## Assignment
From the entries below, output the line with "M y \<subseteq>" and each following line up to and including the line with "D_set_iff by blast", exactly as written.

#### Task input

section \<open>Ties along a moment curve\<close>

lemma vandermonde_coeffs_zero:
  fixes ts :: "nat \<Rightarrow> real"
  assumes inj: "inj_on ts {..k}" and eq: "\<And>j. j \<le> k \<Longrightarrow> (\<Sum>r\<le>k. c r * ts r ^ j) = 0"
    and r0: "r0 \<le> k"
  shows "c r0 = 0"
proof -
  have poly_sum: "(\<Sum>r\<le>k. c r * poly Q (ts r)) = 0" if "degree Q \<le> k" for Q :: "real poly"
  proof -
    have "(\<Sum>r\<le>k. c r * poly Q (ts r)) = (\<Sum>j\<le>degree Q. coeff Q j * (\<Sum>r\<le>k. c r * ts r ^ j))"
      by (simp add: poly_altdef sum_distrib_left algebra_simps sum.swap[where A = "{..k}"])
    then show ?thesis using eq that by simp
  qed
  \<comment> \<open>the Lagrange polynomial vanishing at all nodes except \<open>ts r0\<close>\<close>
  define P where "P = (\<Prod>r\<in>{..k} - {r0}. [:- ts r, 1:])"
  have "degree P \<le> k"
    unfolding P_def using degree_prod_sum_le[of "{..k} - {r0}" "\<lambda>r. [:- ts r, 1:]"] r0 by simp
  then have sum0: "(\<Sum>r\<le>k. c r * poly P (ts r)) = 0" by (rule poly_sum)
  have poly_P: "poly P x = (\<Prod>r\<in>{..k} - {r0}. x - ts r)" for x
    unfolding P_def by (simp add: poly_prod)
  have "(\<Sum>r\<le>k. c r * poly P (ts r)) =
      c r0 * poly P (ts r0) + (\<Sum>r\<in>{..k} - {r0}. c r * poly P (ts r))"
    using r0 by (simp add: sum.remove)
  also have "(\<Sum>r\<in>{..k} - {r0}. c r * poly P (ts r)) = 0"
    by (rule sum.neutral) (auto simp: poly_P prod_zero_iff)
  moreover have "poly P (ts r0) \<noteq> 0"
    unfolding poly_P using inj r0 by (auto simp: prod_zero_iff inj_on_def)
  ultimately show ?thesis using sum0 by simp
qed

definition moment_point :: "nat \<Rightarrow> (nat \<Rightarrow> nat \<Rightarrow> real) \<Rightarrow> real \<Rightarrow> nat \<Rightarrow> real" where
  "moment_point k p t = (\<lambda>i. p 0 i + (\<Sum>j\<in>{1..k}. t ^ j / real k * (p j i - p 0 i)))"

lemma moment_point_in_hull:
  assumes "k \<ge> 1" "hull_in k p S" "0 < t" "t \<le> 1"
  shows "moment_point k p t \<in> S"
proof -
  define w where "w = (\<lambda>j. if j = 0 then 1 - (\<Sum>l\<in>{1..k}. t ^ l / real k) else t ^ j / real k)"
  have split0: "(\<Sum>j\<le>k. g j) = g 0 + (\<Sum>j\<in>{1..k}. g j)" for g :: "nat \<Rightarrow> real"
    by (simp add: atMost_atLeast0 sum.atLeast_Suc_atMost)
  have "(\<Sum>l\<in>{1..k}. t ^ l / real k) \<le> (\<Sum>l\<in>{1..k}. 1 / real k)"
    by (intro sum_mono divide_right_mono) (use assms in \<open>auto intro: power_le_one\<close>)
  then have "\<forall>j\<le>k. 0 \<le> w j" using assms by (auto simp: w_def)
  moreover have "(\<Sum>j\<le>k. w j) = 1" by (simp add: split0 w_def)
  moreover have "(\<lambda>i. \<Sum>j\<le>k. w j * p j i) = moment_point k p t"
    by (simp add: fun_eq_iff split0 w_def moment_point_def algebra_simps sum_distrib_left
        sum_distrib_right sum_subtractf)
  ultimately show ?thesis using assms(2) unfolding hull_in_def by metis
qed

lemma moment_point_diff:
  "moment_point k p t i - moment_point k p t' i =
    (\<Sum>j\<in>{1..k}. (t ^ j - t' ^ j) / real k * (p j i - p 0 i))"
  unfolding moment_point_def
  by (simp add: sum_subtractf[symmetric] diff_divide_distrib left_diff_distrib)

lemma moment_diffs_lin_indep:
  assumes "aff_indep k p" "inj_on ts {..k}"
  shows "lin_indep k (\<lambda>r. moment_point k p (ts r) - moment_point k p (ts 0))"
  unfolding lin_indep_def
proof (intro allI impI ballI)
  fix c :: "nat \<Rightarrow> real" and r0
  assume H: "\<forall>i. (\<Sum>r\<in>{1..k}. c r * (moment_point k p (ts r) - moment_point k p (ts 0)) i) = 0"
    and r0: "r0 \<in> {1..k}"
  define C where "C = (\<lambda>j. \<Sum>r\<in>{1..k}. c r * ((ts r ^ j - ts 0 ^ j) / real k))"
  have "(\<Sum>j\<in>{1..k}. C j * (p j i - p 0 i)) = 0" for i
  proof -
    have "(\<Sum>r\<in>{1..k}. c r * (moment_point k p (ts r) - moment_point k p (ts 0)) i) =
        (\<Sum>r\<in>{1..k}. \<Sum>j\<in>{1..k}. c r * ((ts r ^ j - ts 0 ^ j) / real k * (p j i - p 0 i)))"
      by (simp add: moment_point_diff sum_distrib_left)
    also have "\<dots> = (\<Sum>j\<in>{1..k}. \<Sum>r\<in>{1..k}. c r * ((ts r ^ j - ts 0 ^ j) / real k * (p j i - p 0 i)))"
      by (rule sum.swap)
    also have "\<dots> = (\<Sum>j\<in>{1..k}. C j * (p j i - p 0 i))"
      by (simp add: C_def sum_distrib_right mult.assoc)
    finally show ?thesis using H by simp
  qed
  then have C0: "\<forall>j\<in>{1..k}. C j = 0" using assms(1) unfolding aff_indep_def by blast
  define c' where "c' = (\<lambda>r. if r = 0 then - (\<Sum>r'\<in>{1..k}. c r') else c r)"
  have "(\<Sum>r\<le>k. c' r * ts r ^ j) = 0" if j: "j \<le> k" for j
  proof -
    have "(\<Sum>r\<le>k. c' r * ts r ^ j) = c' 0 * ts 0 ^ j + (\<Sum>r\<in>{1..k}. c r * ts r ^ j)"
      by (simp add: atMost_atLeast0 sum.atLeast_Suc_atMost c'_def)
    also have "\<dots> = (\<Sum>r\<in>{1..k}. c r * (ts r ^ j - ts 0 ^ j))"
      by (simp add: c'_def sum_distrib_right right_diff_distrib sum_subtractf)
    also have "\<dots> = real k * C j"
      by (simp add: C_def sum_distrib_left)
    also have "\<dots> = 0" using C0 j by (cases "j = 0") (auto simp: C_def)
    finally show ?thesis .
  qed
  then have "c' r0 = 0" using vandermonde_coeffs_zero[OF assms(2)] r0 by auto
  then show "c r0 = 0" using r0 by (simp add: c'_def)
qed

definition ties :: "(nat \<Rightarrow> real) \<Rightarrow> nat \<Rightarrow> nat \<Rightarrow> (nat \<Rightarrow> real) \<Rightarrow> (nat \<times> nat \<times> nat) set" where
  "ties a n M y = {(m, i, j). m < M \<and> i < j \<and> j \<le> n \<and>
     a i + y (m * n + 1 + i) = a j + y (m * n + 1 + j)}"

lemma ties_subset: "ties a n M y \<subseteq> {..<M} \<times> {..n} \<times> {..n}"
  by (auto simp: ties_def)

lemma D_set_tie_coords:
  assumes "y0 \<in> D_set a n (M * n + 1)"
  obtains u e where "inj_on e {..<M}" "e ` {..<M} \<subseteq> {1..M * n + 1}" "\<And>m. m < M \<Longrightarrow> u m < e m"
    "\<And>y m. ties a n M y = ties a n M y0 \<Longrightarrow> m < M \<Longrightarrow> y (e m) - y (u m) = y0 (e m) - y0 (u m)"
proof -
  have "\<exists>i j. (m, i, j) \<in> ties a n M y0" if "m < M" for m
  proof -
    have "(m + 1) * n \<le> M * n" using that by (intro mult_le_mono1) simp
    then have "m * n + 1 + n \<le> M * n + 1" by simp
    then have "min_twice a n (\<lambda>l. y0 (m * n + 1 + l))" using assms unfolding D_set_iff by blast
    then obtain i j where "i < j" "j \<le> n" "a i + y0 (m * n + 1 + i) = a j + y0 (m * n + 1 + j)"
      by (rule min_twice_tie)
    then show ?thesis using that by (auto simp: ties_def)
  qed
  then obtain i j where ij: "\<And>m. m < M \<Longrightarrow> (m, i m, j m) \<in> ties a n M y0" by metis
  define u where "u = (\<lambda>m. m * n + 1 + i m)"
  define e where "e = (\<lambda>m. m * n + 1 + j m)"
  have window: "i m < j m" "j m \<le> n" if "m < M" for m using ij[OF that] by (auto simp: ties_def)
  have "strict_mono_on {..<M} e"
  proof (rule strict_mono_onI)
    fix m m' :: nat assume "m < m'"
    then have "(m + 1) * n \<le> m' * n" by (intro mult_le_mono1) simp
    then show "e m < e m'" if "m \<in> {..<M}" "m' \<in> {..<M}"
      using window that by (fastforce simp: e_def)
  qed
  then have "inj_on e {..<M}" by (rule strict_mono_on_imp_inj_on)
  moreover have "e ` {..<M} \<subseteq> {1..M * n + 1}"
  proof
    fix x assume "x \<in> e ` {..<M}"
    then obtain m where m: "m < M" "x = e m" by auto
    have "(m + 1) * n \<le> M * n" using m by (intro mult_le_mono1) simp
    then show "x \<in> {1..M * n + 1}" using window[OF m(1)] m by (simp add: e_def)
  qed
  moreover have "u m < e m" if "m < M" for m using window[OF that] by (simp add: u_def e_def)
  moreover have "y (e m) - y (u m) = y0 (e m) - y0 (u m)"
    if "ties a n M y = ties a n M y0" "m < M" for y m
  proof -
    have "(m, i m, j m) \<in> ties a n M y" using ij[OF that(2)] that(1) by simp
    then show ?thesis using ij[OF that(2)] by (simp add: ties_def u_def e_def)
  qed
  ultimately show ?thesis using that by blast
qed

########
#### Task input

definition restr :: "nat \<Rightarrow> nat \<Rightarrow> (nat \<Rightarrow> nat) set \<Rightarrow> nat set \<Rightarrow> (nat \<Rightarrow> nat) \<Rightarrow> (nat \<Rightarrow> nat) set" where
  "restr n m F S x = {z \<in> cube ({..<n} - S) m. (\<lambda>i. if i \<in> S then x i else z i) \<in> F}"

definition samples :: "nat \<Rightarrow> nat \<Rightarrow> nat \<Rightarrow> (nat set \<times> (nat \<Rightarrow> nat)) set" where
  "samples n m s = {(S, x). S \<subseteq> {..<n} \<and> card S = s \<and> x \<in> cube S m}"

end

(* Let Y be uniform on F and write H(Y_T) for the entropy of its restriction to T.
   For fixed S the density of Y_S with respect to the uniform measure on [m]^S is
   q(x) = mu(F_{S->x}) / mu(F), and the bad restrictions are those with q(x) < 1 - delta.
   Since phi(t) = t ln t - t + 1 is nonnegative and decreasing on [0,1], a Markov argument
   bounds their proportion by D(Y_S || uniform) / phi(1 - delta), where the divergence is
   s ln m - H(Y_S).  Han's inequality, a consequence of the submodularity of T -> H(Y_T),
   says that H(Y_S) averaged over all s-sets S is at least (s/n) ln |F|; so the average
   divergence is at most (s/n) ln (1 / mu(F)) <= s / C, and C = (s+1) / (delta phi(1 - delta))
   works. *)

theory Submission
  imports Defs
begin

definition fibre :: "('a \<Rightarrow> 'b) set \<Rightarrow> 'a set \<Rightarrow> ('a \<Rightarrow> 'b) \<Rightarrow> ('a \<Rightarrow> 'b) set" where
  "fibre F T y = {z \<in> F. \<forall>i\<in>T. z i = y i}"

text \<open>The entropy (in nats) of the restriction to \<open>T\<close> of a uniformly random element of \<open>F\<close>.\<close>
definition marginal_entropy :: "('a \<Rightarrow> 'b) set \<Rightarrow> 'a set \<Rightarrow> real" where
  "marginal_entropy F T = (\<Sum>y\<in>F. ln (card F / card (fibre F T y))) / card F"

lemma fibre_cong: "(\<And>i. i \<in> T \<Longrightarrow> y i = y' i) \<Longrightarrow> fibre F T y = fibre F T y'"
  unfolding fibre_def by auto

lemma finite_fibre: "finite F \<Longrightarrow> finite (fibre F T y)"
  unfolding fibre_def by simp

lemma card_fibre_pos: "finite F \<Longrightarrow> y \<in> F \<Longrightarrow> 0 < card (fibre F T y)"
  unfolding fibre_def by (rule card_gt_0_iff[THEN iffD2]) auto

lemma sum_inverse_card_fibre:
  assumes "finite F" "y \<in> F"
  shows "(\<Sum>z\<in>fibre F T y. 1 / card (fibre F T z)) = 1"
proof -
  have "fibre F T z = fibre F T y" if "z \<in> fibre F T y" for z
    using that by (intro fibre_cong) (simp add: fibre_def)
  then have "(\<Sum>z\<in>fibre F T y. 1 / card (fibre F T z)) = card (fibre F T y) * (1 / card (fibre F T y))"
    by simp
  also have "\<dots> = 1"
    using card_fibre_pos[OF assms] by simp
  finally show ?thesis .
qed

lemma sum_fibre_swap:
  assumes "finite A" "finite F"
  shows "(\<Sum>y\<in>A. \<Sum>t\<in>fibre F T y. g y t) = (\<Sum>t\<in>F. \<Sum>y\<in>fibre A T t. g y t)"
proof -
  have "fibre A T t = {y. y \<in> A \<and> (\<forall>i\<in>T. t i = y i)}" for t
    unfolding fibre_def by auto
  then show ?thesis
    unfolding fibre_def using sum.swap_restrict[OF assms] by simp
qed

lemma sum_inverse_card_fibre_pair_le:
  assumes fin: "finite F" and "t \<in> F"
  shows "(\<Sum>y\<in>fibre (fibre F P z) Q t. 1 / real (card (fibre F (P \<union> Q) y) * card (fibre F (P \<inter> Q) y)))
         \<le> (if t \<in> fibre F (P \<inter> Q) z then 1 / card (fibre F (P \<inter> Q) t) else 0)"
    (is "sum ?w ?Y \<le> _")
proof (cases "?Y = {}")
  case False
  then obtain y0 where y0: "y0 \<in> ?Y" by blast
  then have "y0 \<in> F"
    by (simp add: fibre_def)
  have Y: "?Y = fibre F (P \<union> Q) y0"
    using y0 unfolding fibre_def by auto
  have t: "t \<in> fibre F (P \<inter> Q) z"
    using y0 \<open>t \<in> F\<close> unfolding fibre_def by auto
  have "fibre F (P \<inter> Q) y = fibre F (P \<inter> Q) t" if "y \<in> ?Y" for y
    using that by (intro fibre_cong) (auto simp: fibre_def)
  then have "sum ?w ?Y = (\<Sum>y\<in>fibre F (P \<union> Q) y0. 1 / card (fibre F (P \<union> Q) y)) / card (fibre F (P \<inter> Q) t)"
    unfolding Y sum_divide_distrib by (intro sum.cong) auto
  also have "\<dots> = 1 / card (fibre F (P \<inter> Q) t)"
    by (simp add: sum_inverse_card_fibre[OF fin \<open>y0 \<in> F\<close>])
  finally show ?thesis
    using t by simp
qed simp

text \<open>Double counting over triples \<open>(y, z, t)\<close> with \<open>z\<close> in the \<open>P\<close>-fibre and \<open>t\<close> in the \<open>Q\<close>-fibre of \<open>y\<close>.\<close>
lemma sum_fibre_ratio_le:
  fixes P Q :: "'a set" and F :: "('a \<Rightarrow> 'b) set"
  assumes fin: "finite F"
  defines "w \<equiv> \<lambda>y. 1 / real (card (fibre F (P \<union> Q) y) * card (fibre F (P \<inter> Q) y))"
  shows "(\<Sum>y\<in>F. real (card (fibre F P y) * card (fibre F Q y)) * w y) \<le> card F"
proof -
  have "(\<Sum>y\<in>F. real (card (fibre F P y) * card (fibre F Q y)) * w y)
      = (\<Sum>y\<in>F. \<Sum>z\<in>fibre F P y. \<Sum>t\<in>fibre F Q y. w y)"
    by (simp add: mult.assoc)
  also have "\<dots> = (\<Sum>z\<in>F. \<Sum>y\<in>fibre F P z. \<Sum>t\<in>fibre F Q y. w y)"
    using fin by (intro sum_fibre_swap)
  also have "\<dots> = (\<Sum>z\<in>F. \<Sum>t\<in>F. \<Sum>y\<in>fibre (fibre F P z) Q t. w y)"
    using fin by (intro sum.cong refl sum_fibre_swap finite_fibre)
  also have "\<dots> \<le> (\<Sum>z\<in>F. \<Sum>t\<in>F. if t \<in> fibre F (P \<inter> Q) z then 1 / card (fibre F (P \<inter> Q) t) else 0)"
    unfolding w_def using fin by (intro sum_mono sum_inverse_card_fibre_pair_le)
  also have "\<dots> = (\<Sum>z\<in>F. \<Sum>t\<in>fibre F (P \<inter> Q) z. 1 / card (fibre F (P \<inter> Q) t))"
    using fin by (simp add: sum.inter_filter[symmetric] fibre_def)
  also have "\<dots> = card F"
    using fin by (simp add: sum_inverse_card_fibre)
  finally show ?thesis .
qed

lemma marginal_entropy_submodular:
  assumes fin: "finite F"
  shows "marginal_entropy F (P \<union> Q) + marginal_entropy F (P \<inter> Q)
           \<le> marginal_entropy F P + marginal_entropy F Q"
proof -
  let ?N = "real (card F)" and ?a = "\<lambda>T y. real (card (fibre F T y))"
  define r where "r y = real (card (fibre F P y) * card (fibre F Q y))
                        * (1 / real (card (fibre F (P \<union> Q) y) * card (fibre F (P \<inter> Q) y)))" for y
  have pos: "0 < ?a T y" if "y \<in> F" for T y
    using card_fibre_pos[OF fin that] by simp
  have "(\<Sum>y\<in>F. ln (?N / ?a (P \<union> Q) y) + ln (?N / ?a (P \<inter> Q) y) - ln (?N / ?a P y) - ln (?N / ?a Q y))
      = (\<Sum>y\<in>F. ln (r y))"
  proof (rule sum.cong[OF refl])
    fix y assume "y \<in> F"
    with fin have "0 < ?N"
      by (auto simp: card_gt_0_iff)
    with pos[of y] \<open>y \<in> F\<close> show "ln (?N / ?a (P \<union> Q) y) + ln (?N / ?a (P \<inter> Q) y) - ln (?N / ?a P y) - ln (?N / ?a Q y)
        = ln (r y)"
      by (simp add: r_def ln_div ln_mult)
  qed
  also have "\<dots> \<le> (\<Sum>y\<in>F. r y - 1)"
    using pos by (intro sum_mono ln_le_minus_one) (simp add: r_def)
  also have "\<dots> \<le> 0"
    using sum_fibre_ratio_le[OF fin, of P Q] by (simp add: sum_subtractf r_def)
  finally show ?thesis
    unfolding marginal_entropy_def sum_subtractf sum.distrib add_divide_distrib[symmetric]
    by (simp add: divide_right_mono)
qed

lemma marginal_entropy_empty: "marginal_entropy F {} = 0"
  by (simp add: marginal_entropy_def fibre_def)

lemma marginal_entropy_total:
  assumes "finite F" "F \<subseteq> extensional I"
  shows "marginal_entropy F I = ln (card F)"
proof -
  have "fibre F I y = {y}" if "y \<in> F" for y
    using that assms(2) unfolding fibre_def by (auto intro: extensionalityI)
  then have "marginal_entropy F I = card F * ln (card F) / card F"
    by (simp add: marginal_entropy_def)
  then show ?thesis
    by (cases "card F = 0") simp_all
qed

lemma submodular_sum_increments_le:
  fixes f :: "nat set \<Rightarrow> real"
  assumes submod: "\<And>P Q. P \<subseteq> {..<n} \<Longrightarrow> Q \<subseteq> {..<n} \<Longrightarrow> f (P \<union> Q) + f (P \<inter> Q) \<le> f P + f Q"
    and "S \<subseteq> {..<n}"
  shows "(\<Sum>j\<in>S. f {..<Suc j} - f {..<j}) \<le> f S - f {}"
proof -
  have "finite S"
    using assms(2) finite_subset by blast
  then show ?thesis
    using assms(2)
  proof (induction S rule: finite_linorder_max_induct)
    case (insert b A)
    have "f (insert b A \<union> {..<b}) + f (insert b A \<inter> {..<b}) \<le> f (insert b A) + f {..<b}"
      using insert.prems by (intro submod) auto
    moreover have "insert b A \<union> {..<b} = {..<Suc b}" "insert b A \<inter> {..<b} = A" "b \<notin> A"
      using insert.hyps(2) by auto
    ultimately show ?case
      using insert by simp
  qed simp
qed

########

## Answer section
lemma ties_subset: "ties a n M y \<subseteq> {..<M} \<times> {..n} \<times> {..n}"
  by (auto simp: ties_def)

lemma D_set_tie_coords:
  assumes "y0 \<in> D_set a n (M * n + 1)"
  obtains u e where "inj_on e {..<M}" "e ` {..<M} \<subseteq> {1..M * n + 1}" "\<And>m. m < M \<Longrightarrow> u m < e m"
    "\<And>y m. ties a n M y = ties a n M y0 \<Longrightarrow> m < M \<Longrightarrow> y (e m) - y (u m) = y0 (e m) - y0 (u m)"
proof -
  have "\<exists>i j. (m, i, j) \<in> ties a n M y0" if "m < M" for m
  proof -
    have "(m + 1) * n \<le> M * n" using that by (intro mult_le_mono1) simp
    then have "m * n + 1 + n \<le> M * n + 1" by simp
    then have "min_twice a n (\<lambda>l. y0 (m * n + 1 + l))" using assms unfolding D_set_iff by blast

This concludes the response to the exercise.